Breast feeding is always best when possible. It builds a child's immune system, and it's the perfect milk for a baby. With that being said, when I had my oldest daughter I tried to breast feed, but we ended up on formula. I was uncomfortable with it. I'd never seen anyone breast feed a child before. My mom thought it was the most disgusting thing she'd ever seen. My last three were all breast fed, the second and third went on formula after five months. My milk supply wasn't strong and dried up. I just wasn't able to nurse for long. I had supplemented each of them with a bottle. When baby number four came I nursed her with absolutely no supplement, and we made it to her first birthday. I've read the first year is important for breast feeding. 

The only time I'd be concerned about the baby not getting enough is if he is losing weight. I always worried about it, but my children were growing and healthy. My doctor always told me as long as they were growing not to worry. Babies go through growth spurts and often need to nurse more. My last child woke up through the night a lot during the whole first year. My formula fed babies did too. I never noticed much of a difference. 

I've been all over the place with breast feeding and formula. Everyone has a different answer to this type of question. I've known women who didn't breast feed at all, and I've known women who breast fed their child until they were four years of age. I really believe it is a personal decision.


----------



## xirtam (Aug 29, 2013)

Thank you, Mindy.

I would like to stick with breast feeding, because I think he is growing rather well. The tension comes in when it seems as though he wakes up every other hour and nothing is working, so the "simple" solution seems to be to give him a bottle. But I think, as you said, no matter if you are breast feeding or giving formula, your child will wake up when you want sleep. We are all adjusting, but I think I better do a better job with helping and encouraging mama that she is doing a good job and for her to not give up.

Thank you again.

In Christ,


----------



## Mindaboo (Aug 29, 2013)

How old is your baby? I think it's wise to encourage mama to keep going. Support is essential, especially if she's not sure of herself. If the baby is growing I wouldn't stress about it.


----------



## RamistThomist (Aug 29, 2013)

A lot depends on the first few weeks with the child. If the mother takes ill or...other circumstances...happen, b-feeding simply might not be an option.


----------



## DeniseM (Aug 29, 2013)

Breast feeding also helps the baby develop a healthy digestive system. This can help prevent allergies and other health problems later when the child is older. With our first child, I stopped breast feeding at about six weeks, and he is the one that ended up with food allergies, eczema and asthma. With the other children, I continued breast feeding until they were around a year old or until they weaned themselves and the only one with any problems(a milk allergy) is the one that had to be in the NICU when he was first born and was given two different IV antibiotics throughout the duration of his first week of life. Antibiotics can mess up the digestive system, and if you mess up the digestive system other problems are sure to follow.


----------



## Miss Marple (Aug 29, 2013)

If he is waking up every hour, it is possible the problem is confusion between formula and breast feeding.

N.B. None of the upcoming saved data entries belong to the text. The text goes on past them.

(* Let $k,n$ be positive integers. The total number of blocks, summed over all $\pi\in NC^k(n)$, equals $\binom{n(k+1)-1}{nk}$.
   Context: A partition $\pi$ of $[N]=\{1,\dots,N\}$ is non-crossing if there are no $1\le a<b<c<d\le N$ with $a,c$ in one block and $b,d$ in another. $NC^k(n)$ is the set of non-crossing partitions of $[kn]$ all of whose blocks have size divisible by $k$. *)

theory Defs
  imports Main "HOL-Library.Disjoint_Sets"
begin

definition noncrossing :: "nat set set \<Rightarrow> bool" where
  "noncrossing P \<longleftrightarrow>
     \<not> (\<exists>B\<in>P. \<exists>C\<in>P. B \<noteq> C \<and>
          (\<exists>a b c d. a < b \<and> b < c \<and> c < d \<and> a \<in> B \<and> c \<in> B \<and> b \<in> C \<and> d \<in> C))"

definition NCk :: "nat \<Rightarrow> nat \<Rightarrow> nat set set set" where
  "NCk k n = {P. partition_on {1..k*n} P \<and> noncrossing P \<and> (\<forall>B\<in>P. k dvd card B)}"

end

theory Submission
  imports Defs
begin

text \<open>
  Read a partition in \<open>NC\<^sup>k(n)\<close> from left to right. After the first \<open>N\<close> points one sees
  the blocks already completed together with the set \<open>Q\<close> of open points, whose blocks continue
  further right; being non-crossing, no completed block surrounds an open point. The next point
  is either left open, or it completes a block of some size \<open>K = k j\<close>, which then consists of
  it and the \<open>K - 1\<close> largest open points. This yields recurrences for the number of such states
  with \<open>h\<close> open points and for their total number of blocks; writing \<open>N = h + k s\<close>, both are
  solved by explicit binomial expressions, and \<open>h = 0\<close>, \<open>s = n\<close> gives the theorem.
\<close>

section \<open>Closed forms\<close>

lemma sum_recurrence_from_step:
  fixes F E :: "nat \<Rightarrow> nat \<Rightarrow> 'a::comm_monoid_add"
  assumes step: "\<And>h s. F h (Suc s) = (if h = 0 then 0 else F (h - 1) (Suc s)) + F (h + k) s + E (h + k - 1) s"
    and base: "\<And>h. 0 < h \<Longrightarrow> F h 0 = F (h - 1) 0"
    and "0 < k" "0 < h + s"
  shows "F h s = (if h = 0 then 0 else F (h - 1) s) +
    (\<Sum>j=1..s. F (h + k * j - 1) (s - j) + E (h + k * j - 1) (s - j))"
proof (cases s)
  case 0
  then show ?thesis using base \<open>0 < h + s\<close> by simp
next
  case (Suc s')
  \<comment> \<open>iterate \<open>step\<close> on its middle term\<close>
  have telescope: "F (h + k) s + E (h + k - 1) s =
      (\<Sum>j=1..Suc s. F (h + k * j - 1) (Suc s - j) + E (h + k * j - 1) (Suc s - j))" for h s
  proof (induction s arbitrary: h)
    case 0
    show ?case using base[of "h + k"] \<open>0 < k\<close> by simp
  next
    case (Suc s)
    have "F (h + k) (Suc s) + E (h + k - 1) (Suc s) =
        F (h + k - 1) (Suc s) + E (h + k - 1) (Suc s) + (F (h + k + k) s + E (h + k + k - 1) s)"
      using step[of "h + k" s] \<open>0 < k\<close> by (simp add: algebra_simps)
    also have "F (h + k + k) s + E (h + k + k - 1) s =
        (\<Sum>j=1..Suc s.
          F (h + k * Suc j - 1) (Suc (Suc s) - Suc j) + E (h + k * Suc j - 1) (Suc (Suc s) - Suc j))"
      unfolding Suc.IH by (intro sum.cong) (simp_all add: algebra_simps)
    also have "\<dots> = (\<Sum>j=Suc 1..Suc (Suc s).
        F (h + k * j - 1) (Suc (Suc s) - j) + E (h + k * j - 1) (Suc (Suc s) - j))"
      by (rule sum.shift_bounds_cl_Suc_ivl[symmetric])
    finally show ?case by (simp add: sum.atLeast_Suc_atMost del: sum.cl_ivl_Suc)
  qed
  show ?thesis using step[of h s'] telescope[of h s'] Suc by (simp add: add.assoc)
qed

In my opinion, you generally can't do both. I am not a doctor. But.

Formula delivers fast and furious. Nursing is slower and takes more time.

If baby is used to drinking for five minutes and being done on the bottle, he is unlikely to settle in for a half hour of breast feeding. So he nurses for five minutes; then an hour later, he's hungry. Of course. I'm sure he's also confused!

So I'd just go breast feed all the way and view it as a season and enjoy it as best you can. Around 9 months you can start him eating rice cereal and so forth and he will not want or need to nurse as much or as often. Why be in a hurry? Feed your baby.


----------



## Scottish Lass (Aug 29, 2013)

Breast-fed children often wake more because breast milk is more easily digested by his body (one of the *many* reasons it's best). Keeping him close by (crib in the room, co-sleeper attached to the bed, etc.) can help with that. Gracie would even nurse in her sleep. It beats walking down the hall to make a bottle most times.  For the vast majority of kids, this is a pretty short phase and everyone will get more sleep in just a few months.


----------



## Romans922 (Aug 29, 2013)

Now you might think I am ignorant because I am a man, but I'll agree with Anna. My kid is one of the few who have not slept well after a few months (mostly due to teething). 

Breastmilk vs Formula: http://www.bcbabyfriendly.ca/whatsinbreastmilkposter.pdf

But as a husband, keep encouraging. If the baby is hungry he will ask for food (crying). 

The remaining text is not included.